[Stored items]

theorem lemma2:
  fixes V :: "'v set" and E :: "('v \<times> 'v) set"
    and p :: "real \<Rightarrow> ('v \<times> 'v) \<Rightarrow> real"
    and lc :: real and lam :: "nat \<Rightarrow> real"
  assumes "finite V" and "E \<subseteq> V \<times> V"
    and p_range: "\<forall>l \<in> {0..1}. \<forall>e \<in> E. p l e \<in> {0..1}"
    and p_cont: "\<forall>e \<in> E. continuous_on {0..1} (\<lambda>l. p l e)"
    and lc: "lc \<in> {0..<1}"
    and Q_lim: "\<forall>e \<in> E. ((\<lambda>l. Q_mp E (p l) e) \<longlongrightarrow> 1) (at lc within {0..1})"
    and lam_range: "\<forall>n. lam n \<in> {0..1}"
    and lam_lim: "lam \<longlonglongrightarrow> lc"
    and lam_Q: "\<forall>n. \<exists>e \<in> E. Q_mp E (p (lam n)) e \<noteq> 1"
  shows "rho_B E (p lc) \<ge> 1"
proof (rule ccontr)
  assume "\<not> rho_B E (p lc) \<ge> 1"
  then have sr: "spectral_radius (map_mat complex_of_real (mp_jacobian E (p lc))) < 1"
    by (simp add: rho_B_mp_jacobian)
  have fin: "finite E" using assms(1,2) by (metis finite_SigmaI finite_subset)
  define m where "m = length (edge_list E)"
  define J where "J l = mp_jacobian E (p l)" for l
  have J: "J l \<in> carrier_mat m m" for l unfolding J_def m_def by (rule mp_jacobian_carrier)
  have "m > 0" using lam_Q set_edge_list[OF fin] unfolding m_def by fastforce
  then have "\<forall>\<^sub>F k in sequentially. \<forall>a<m. \<forall>b<m. (J lc ^\<^sub>m k) $$ (a, b) < 1 / m"
    using sr by (intro spectral_radius_less_1_pow_entries_eventually_less J) (simp_all add: J_def)
  then obtain K where K: "\<forall>a<m. \<forall>b<m. (J lc ^\<^sub>m K) $$ (a, b) < 1 / m"
    by (auto simp: eventually_sequentially)
  have "(\<lambda>n. p (lam n) e) \<longlonglongrightarrow> p lc e" if "e \<in> E" for e
    using p_cont that lam_range lc
    by (intro continuous_on_tendsto_compose[OF _ lam_lim, of "{0..1}"]) auto
  then have "\<forall>a<m. \<forall>b<m. (\<lambda>n. J (lam n) $$ (a, b)) \<longlonglongrightarrow> J lc $$ (a, b)"
    unfolding J_def m_def by (simp add: mp_jacobian_entry_tendsto[OF fin])
  then have "\<forall>\<^sub>F n in sequentially. \<forall>a<m. \<forall>b<m. (J (lam n) ^\<^sub>m K) $$ (a, b) < 1 / m"
    using K by (auto intro!: eventually_all_entries order_tendstoD(2)[OF pow_mat_entry_tendsto[OF J J]])
  then obtain n where "\<forall>a<m. \<forall>b<m. (J (lam n) ^\<^sub>m K) $$ (a, b) < 1 / m"
    by (auto simp: eventually_sequentially)
  then have "\<forall>e\<in>E. Q_mp E (p (lam n)) e = 1"
    using Q_mp_eq_one_if_small_jacobian_power[OF fin] p_range lam_range
    unfolding J_def m_def by blast
  with lam_Q show False by blast
qed

end
(* Let $\zeta\in\mathbb{C}^\times$ have finite order $\ell\ge1$, and identify the dominant weights of $\mathfrak{sl}_2$ with the nonnegative integers. For $j\ge0$ put $s_j=j$ if $j$ is odd and $s_j=j/2$ if $j$ is even. Then the quantum Weyl module $\Delta_\zeta(\lambda)$ for $U_\zeta(\mathfrak{sl}_2)$ is irreducible if and only if either (a) $0\le\lambda<s_\ell$, or (b) $\lambda\equiv-1\pmod{s_\ell}$.
   Context: $U_\zeta(\mathfrak{sl}_2)=\mathbb{U}_q^{\mathcal{A}}(\mathfrak{sl}_2)\otimes_{\mathcal{A}}\mathbb{C}$ ($q\mapsto\zeta$) is the specialization of Lusztig's divided-power $\mathcal{A}$-form ($\mathcal{A}=\mathbb{Q}[q,q^{-1}]$) of the quantum enveloping algebra of $\mathfrak{sl}_2$. Modules are integrable of type 1. For a dominant weight $\lambda$, $\nabla_\zeta(\lambda)$ is the induced module from the Borel part with character given by Weyl's formula, and the quantum Weyl module is $\Delta_\zeta(\lambda)=\nabla_\zeta(-w_0\lambda)^*$. *)

theory Defs
  imports "HOL-Number_Theory.Cong" Complex_Main
begin

text \<open>Gaussian (quantum) binomial coefficient [m, t] in Z[q,q^-1], specialized at q = z.
  Defined by the Pascal-type recursion [m,t] = q^t [m-1,t] + q^-(m-t) [m-1,t-1],
  [0,0] = 1, [0,t+1] = 0, which holds already in the Laurent polynomial ring,
  so this is the image of the A-valued binomial under q |-> z.\<close>
fun qbin :: "complex \<Rightarrow> nat \<Rightarrow> nat \<Rightarrow> complex" where
  "qbin z 0 t = (if t = 0 then 1 else 0)"
| "qbin z (Suc m) 0 = 1"
| "qbin z (Suc m) (Suc t) =
     z ^ Suc t * qbin z m (Suc t) + inverse z ^ (m - t) * qbin z m t"

text \<open>Underlying space of the Weyl module Delta(lam): coordinate vectors
  w.r.t. the basis v_0, ..., v_lam (v_j = F^(j) v_0).\<close>
definition weyl_space :: "nat \<Rightarrow> (nat \<Rightarrow> complex) set" where
  "weyl_space lam = {v. \<forall>i>lam. v i = 0}"

text \<open>Action of divided powers and K on Delta(lam):
  E^(r) v_j = [lam-j+r, r] v_(j-r),  F^(r) v_j = [j+r, r] v_(j+r),  K v_j = z^(lam-2j) v_j.\<close>
definition weyl_E :: "complex \<Rightarrow> nat \<Rightarrow> nat \<Rightarrow> (nat \<Rightarrow> complex) \<Rightarrow> (nat \<Rightarrow> complex)" where
  "weyl_E z lam r v = (\<lambda>i. if i + r \<le> lam then qbin z (lam - i) r * v (i + r) else 0)"

definition weyl_F :: "complex \<Rightarrow> nat \<Rightarrow> nat \<Rightarrow> (nat \<Rightarrow> complex) \<Rightarrow> (nat \<Rightarrow> complex)" where
  "weyl_F z lam r v = (\<lambda>i. if r \<le> i \<and> i \<le> lam then qbin z i r * v (i - r) else 0)"

definition weyl_K :: "complex \<Rightarrow> nat \<Rightarrow> int \<Rightarrow> (nat \<Rightarrow> complex) \<Rightarrow> (nat \<Rightarrow> complex)" where
  "weyl_K z lam e v = (\<lambda>i. if i \<le> lam then z powi (e * (int lam - 2 * int i)) * v i else 0)"

definition csubspace :: "(nat \<Rightarrow> complex) set \<Rightarrow> bool" where
  "csubspace W \<longleftrightarrow> (\<lambda>i. 0) \<in> W \<and> (\<forall>x\<in>W. \<forall>y\<in>W. (\<lambda>i. x i + y i) \<in> W) \<and> (\<forall>c::complex. \<forall>x\<in>W. (\<lambda>i. c * x i) \<in> W)"

text \<open>U_z(sl2)-submodule of Delta(lam): subspace stable under the generators
  E^(r), F^(r), K^(+-1) of the specialized divided-power algebra.\<close>
definition weyl_submodule :: "complex \<Rightarrow> nat \<Rightarrow> (nat \<Rightarrow> complex) set \<Rightarrow> bool" where
  "weyl_submodule z lam W \<longleftrightarrow> csubspace W \<and> W \<subseteq> weyl_space lam \<and>
     (\<forall>r. \<forall>v\<in>W. weyl_E z lam r v \<in> W) \<and>
     (\<forall>r. \<forall>v\<in>W. weyl_F z lam r v \<in> W) \<and>
     (\<forall>e\<in>{1, -1}. \<forall>v\<in>W. weyl_K z lam e v \<in> W)"

definition weyl_irreducible :: "complex \<Rightarrow> nat \<Rightarrow> bool" where
  "weyl_irreducible z lam \<longleftrightarrow> weyl_space lam \<noteq> {\<lambda>i. 0} \<and>
     (\<forall>W. weyl_submodule z lam W \<longrightarrow> W = {\<lambda>i. 0} \<or> W = weyl_space lam)"

definition s_of :: "nat \<Rightarrow> nat" where
  "s_of j = (if odd j then j else j div 2)"

end

theory Submission
  imports Defs
begin

(* The divided powers act on the basis v_0, ..., v_lam of the Weyl module through the quantum
   binomials [m, t] at z.  Up to a power of z these are Gaussian binomials in p = z^2, and p has
   order e = s_l.  The q-Lucas theorem then shows that [m, t] = 0 exactly when m mod e < t mod e.
   If [lam, r] <> 0 for all r <= lam, every nonzero submodule contains v_lam (apply F^(lam-j) to a
   vector whose first nonzero coordinate is j) and hence, applying the E^(r), every v_k; this is
   the case precisely when lam < e or lam mod e = e - 1.  Otherwise the span of the v_i with
   i mod e > lam mod e is a proper nonzero submodule. *)

fun gauss_binomial :: "'a::comm_ring_1 \<Rightarrow> nat \<Rightarrow> nat \<Rightarrow> 'a" where
  "gauss_binomial p 0 t = (if t = 0 then 1 else 0)"
| "gauss_binomial p (Suc m) 0 = 1"
| "gauss_binomial p (Suc m) (Suc t) =
     p ^ Suc t * gauss_binomial p m (Suc t) + gauss_binomial p m t"

lemma gauss_binomial_0_right [simp]: "gauss_binomial p m 0 = 1"
  by (cases m) auto

lemma gauss_binomial_eq_0: "m < t \<Longrightarrow> gauss_binomial p m t = 0"
  by (induction p m t rule: gauss_binomial.induct) auto

lemma gauss_binomial_diag [simp]: "gauss_binomial p m m = 1"
  by (induction m) (auto simp: gauss_binomial_eq_0)

lemma gauss_binomial_prod:
  "gauss_binomial p m t * (\<Prod>k\<in>{1..t}. 1 - p ^ k) = (\<Prod>k<t. 1 - p ^ (m - k))"
proof (induction m arbitrary: t)
  case 0
  then show ?case
    by (cases t) (simp_all add: lessThan_Suc_eq_insert_0)
next
  case (Suc m)
  show ?case
  proof (cases t)
    case 0
    then show ?thesis by simp
  next
    case (Suc t)
    have "gauss_binomial p (Suc m) (Suc t) * (\<Prod>k\<in>{1..Suc t}. 1 - p ^ k)
        = p ^ Suc t * (gauss_binomial p m (Suc t) * (\<Prod>k\<in>{1..Suc t}. 1 - p ^ k))
          + (1 - p ^ Suc t) * (gauss_binomial p m t * (\<Prod>k\<in>{1..t}. 1 - p ^ k))"
      by (simp add: prod.nat_ivl_Suc' algebra_simps)
    also have "\<dots> = p ^ Suc t * (\<Prod>k<Suc t. 1 - p ^ (m - k))
                      + (1 - p ^ Suc t) * (\<Prod>k<t. 1 - p ^ (m - k))"
      by (simp only: Suc.IH)
    also have "\<dots> = (\<Prod>k<t. 1 - p ^ (m - k)) * (1 - p ^ Suc t * p ^ (m - t))"
      by (simp add: algebra_simps)
    also have "\<dots> = (\<Prod>k<Suc t. 1 - p ^ (Suc m - k))"
    proof (cases "t \<le> m")
      case True
      then have "p ^ Suc t * p ^ (m - t) = p ^ Suc m"
        by (subst power_add[symmetric]) simp
      then show ?thesis
        unfolding prod.lessThan_Suc_shift by (simp add: mult.commute)
    next
      case False
      have "(\<Prod>k<t. 1 - p ^ (m - k)) = 0"
        using False by (intro prod_zero) (auto intro!: bexI[of _ m])
      moreover have "(\<Prod>k<Suc t. 1 - p ^ (Suc m - k)) = 0"
        using False by (intro prod_zero) (auto intro!: bexI[of _ "Suc m"])
      ultimately show ?thesis by simp
    qed
    finally show ?thesis
      using Suc by simp
  qed
qed

lemma gauss_binomial_neq_0:
  fixes p :: "'a::idom"
  assumes "\<forall>k\<in>{1..m}. p ^ k \<noteq> 1" and "t \<le> m"
  shows "gauss_binomial p m t \<noteq> 0"
proof
  assume "gauss_binomial p m t = 0"
  then have "(\<Prod>k<t. 1 - p ^ (m - k)) = 0"
    using gauss_binomial_prod[of p m t] by simp
  then obtain k where "k < t" "p ^ (m - k) = 1"
    by auto
  then show False
    using assms by force
qed

lemma gauss_binomial_root_of_unity_eq_0:
  fixes p :: "'a::idom"
  assumes "p ^ m = 1" and "\<forall>k\<in>{1..t}. p ^ k \<noteq> 1" and "0 < t" and "t < m"
  shows "gauss_binomial p m t = 0"
proof -
  have "(\<Prod>k<t. 1 - p ^ (m - k)) = 0"
    using assms by (intro prod_zero) (auto intro!: bexI[of _ 0])
  moreover have "(\<Prod>k\<in>{1..t}. 1 - p ^ k) \<noteq> 0"
    using assms(2) by auto
  ultimately show ?thesis
    using gauss_binomial_prod[of p m t] by (metis mult_eq_0_iff)
qed

lemma gauss_binomial_add_order:
  fixes p :: "'a::idom"
  assumes order: "\<And>k. p ^ k = 1 \<longleftrightarrow> e dvd k" and "0 < e"
  shows "gauss_binomial p (m + e) t
           = gauss_binomial p m t + (if e \<le> t then gauss_binomial p m (t - e) else 0)"
proof (induction m arbitrary: t)
  case 0
  have "\<forall>k\<in>{1..t}. p ^ k \<noteq> 1" if "t < e"
    using that order by (auto dest: dvd_imp_le)
  then have "gauss_binomial p e t = 0" if "0 < t" "t < e"
    using that order by (intro gauss_binomial_root_of_unity_eq_0) auto
  then show ?case
    using gauss_binomial_eq_0[of e t] gauss_binomial_eq_0[of 0 "t - e"] \<open>0 < e\<close>
    by (cases t e rule: linorder_cases) auto
next
  case (Suc m)
  show ?case
  proof (cases t)
    case 0
    then show ?thesis
      using assms by simp
  next
    case (Suc t)
    have step: "gauss_binomial p (Suc m + e) (Suc t)
        = p ^ Suc t * gauss_binomial p (m + e) (Suc t) + gauss_binomial p (m + e) t"
      by simp
    show ?thesis
    proof (cases "e \<le> t")
      case True
      then have "p ^ t = p ^ (t - e)"
        using order[of e] by (metis le_add_diff_inverse2 mult_1_right power_add dvd_refl)
      with True show ?thesis
        unfolding Suc step Suc.IH by (simp add: Suc_diff_le algebra_simps)
    next
      case False
      then show ?thesis
        unfolding Suc step Suc.IH using order[of e] by (auto simp: not_less_eq_eq)
    qed
  qed
qed

lemma gauss_binomial_lucas:
  fixes p :: "'a::idom"
  assumes order: "\<And>k. p ^ k = 1 \<longleftrightarrow> e dvd k" and "0 < e" and "b < e"
  shows "gauss_binomial p (e * a + b) t
           = of_nat (a choose (t div e)) * gauss_binomial p b (t mod e)"
proof (induction a arbitrary: t)
  case 0
  show ?case
  proof (cases "t < e")
    case True
    then show ?thesis by simp
  next
    case False
    then have "0 < t div e"
      using \<open>0 < e\<close> by (simp add: div_greater_zero_iff)
    then show ?thesis
      using False \<open>b < e\<close> by (simp add: gauss_binomial_eq_0 binomial_eq_0)
  qed
next
  case (Suc a)
  have "gauss_binomial p (e * Suc a + b) t
      = gauss_binomial p (e * a + b) t
        + (if e \<le> t then gauss_binomial p (e * a + b) (t - e) else 0)"
    using gauss_binomial_add_order[OF order \<open>0 < e\<close>, of "e * a + b"]
    by (simp add: algebra_simps)
  also have "\<dots> = of_nat (Suc a choose (t div e)) * gauss_binomial p b (t mod e)"
  proof (cases "e \<le> t")
    case True
    then obtain k where k: "t div e = Suc k"
      using \<open>0 < e\<close> by (metis div_greater_zero_iff not0_implies_Suc neq0_conv)
    have "(t - e) div e = k" "(t - e) mod e = t mod e"
      using True k \<open>0 < e\<close> by (simp_all add: le_div_geq le_mod_geq)
    then show ?thesis
      using True unfolding Suc.IH k by (simp add: algebra_simps)
  next
    case False
    then show ?thesis
      unfolding Suc.IH by simp
  qed
  finally show ?case .
qed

**Aim of the task:**
Across the records above, show each line containing the word "mathfrak".

**Written answer:**
(* Let $\zeta\in\mathbb{C}^\times$ have finite order $\ell\ge1$, and identify the dominant weights of $\mathfrak{sl}_2$ with the nonnegative integers. For $j\ge0$ put $s_j=j$ if $j$ is odd and $s_j=j/2$ if $j$ is even. Then the quantum Weyl module $\Delta_\zeta(\lambda)$ for $U_\zeta(\mathfrak{sl}_2)$ is irreducible if and only if either (a) $0\le\lambda<s_\ell$, or (b) $\lambda\equiv-1\pmod{s_\ell}$.
   Context: $U_\zeta(\mathfrak{sl}_2)=\mathbb{U}_q^{\mathcal{A}}(\mathfrak{sl}_2)\otimes_{\mathcal{A}}\mathbb{C}$ ($q\mapsto\zeta$) is the specialization of Lusztig's divided-power $\mathcal{A}$-form ($\mathcal{A}=\mathbb{Q}[q,q^{-1}]$) of the quantum enveloping algebra of $\mathfrak{sl}_2$. Modules are integrable of type 1. For a dominant weight $\lambda$, $\nabla_\zeta(\lambda)$ is the induced module from the Borel part with character given by Weyl's formula, and the quantum Weyl module is $\Delta_\zeta(\lambda)=\nabla_\zeta(-w_0\lambda)^*$. *)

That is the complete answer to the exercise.